Workers' comp reforms help, but state monopoly remains unsound

By ERIN SHANNON  | 
IN THE NEWS
|
Oct 12, 2012

The News Tribune in Tacoma published this column on October 12, 2012.

The recent announcement by the Department of Labor & Industries (L&I) that average workers’ compensation taxes will not increase in 2013 is good news for businesses in today’s tough economy. Unfortunately, that good news is a temporary reprieve. The current monopoly system is failing, and a 40 percent tax hike is set to begin in 2014.

To avoid the unwanted attention of the looming 10-year, 40 percent tax hike plan, much hullaballoo is being made over the no-tax year, made possible by fewer injured worker claims and the modest reforms passed in 2011 saving $300 million more than initially expected.

Here’s the real story. Injured worker claims are down 6.2 percent because more people are unemployed, not due to suddenly efficient claims management by L&I. Fewer people working mean fewer on-the-job injuries.

As for the reforms, they may be saving money, but not nearly as much as they should be.

One of the reforms is a significantly watered-down version of what the business community originally proposed. Businesses urged lawmakers to allow injured workers eligible for a lifetime pension the option of voluntarily settling the nonmedical portion of their claim.

Known as a structured settlement agreement, the injured worker receives medical care for as long as treatment is needed, but agrees up front to a set amount of compensation for lost income from being unable to work. Structured settlements give injured workers control over how their claim is managed and resolved, rather than being forced to rely on a lifetime monthly pension from the state.

Since the settlements only cover the nonmedical benefits on a claim, a worker choosing this option will never be left with unmet medical needs.

In a recent presentation, L&I gave three examples of how structured settlements have already helped real people: empowering a worker to receive dental care he otherwise could not afford; assisting a worker to relocate and retire in his family’s hometown; and allowing a worker to avoid the cost of litigation and acquire the peace of mind of predictable, adequate income.

Voluntary settlement agreements are a proven solution already working in 44 states. Unlike these 44 states, however, our Legislature severely limited this money-saving option to workers age 55 and over. Washington is the only state that imposes an age restriction on voluntary settlements.

The original proposed reforms would have allowed all injured workers the settlement option.

The state’s own budget analysts estimated removing the age restriction would more than double savings for taxpayers.

Given L&I’s announcement that the weaker reforms are saving more than predicted, imagine the savings if the full reform were implemented. Giving all workers the settlement option would go a long way toward fixing our broken workers’ compensation system.

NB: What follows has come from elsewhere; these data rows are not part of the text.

lemma norm_mult_le_of_operator_bound_left:
  fixes A :: "real^'n^'m" and B :: "real^'p^'n"
  assumes bound: "\<And>x. norm (A *v x) \<le> c * norm x"
  shows "norm (A ** B) \<le> c * norm B"
proof -
  have "(norm (A ** B))\<^sup>2 = (\<Sum>j\<in>UNIV. (norm (A *v column j B))\<^sup>2)"
    unfolding norm_matrix_sq_columns
    by (simp add: column_def matrix_matrix_mult_def matrix_vector_mult_def)
  also have "\<dots> \<le> (\<Sum>j\<in>UNIV. (c * norm (column j B))\<^sup>2)"
    by (intro sum_mono power_mono bound) simp
  also have "\<dots> = (c * norm B)\<^sup>2"
    by (simp add: norm_matrix_sq_columns[of B] sum_distrib_left power_mult_distrib)
  finally show ?thesis
    using operator_bound_nonneg[OF bound] by (simp add: power2_le_iff_abs_le)
qed

lemma operator_bound_transpose:
  fixes A :: "real^'n^'m"
  assumes bound: "\<And>x. norm (A *v x) \<le> c * norm x"
  shows "norm (transpose A *v y) \<le> c * norm y"
proof -
  let ?x = "transpose A *v y"
  have "(norm ?x)\<^sup>2 = inner (A *v ?x) y"
    by (simp add: power2_norm_eq_inner dot_lmul_matrix[symmetric] inner_commute)
  also have "\<dots> \<le> norm (A *v ?x) * norm y" by (rule norm_cauchy_schwarz)
  also have "\<dots> \<le> c * norm ?x * norm y" by (simp add: bound mult_right_mono)
  finally have "norm ?x * norm ?x \<le> norm ?x * (c * norm y)"
    by (simp add: power2_eq_square algebra_simps)
  then show ?thesis
    using operator_bound_nonneg[OF bound]
    by (cases "norm ?x = 0") (simp_all add: mult_le_cancel_left)
qed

Make no mistake: The current monopoly system is failing. Despite claims that no tax hike this year, plus the savings from the 2011 reforms, show the state-run system is a success, the state monopoly remains financially unsound.

After years of warnings from the state auditor, L&I managers admit the system is approaching insolvency. L&I also says employers will face a 40 percent tax hike over the next decade, beginning in 2014. That’s in addition to the 66 percent increase imposed since 2000.

Meanwhile, Oregon employers have enjoyed a cumulative rate decrease of more than 60 percent since the state ended its monopoly 20 years ago and allowed private insurers to sell workers’ compensation insurance at competitive prices. Similarly, rates in West Virginia and Nevada have fallen 51 percent and 40 percent respectively since those states allowed private competition.

It’s increasingly clear the state’s monopoly program, one of only four left in the nation, is not working. Opening the market to private insurers is the key to real success.

If lawmakers will not let businesses buy worker protection coverage on the open market – letting normal competition set prices and reduce costs – at least they should pass legislation that expands the structured settlement option to all workers.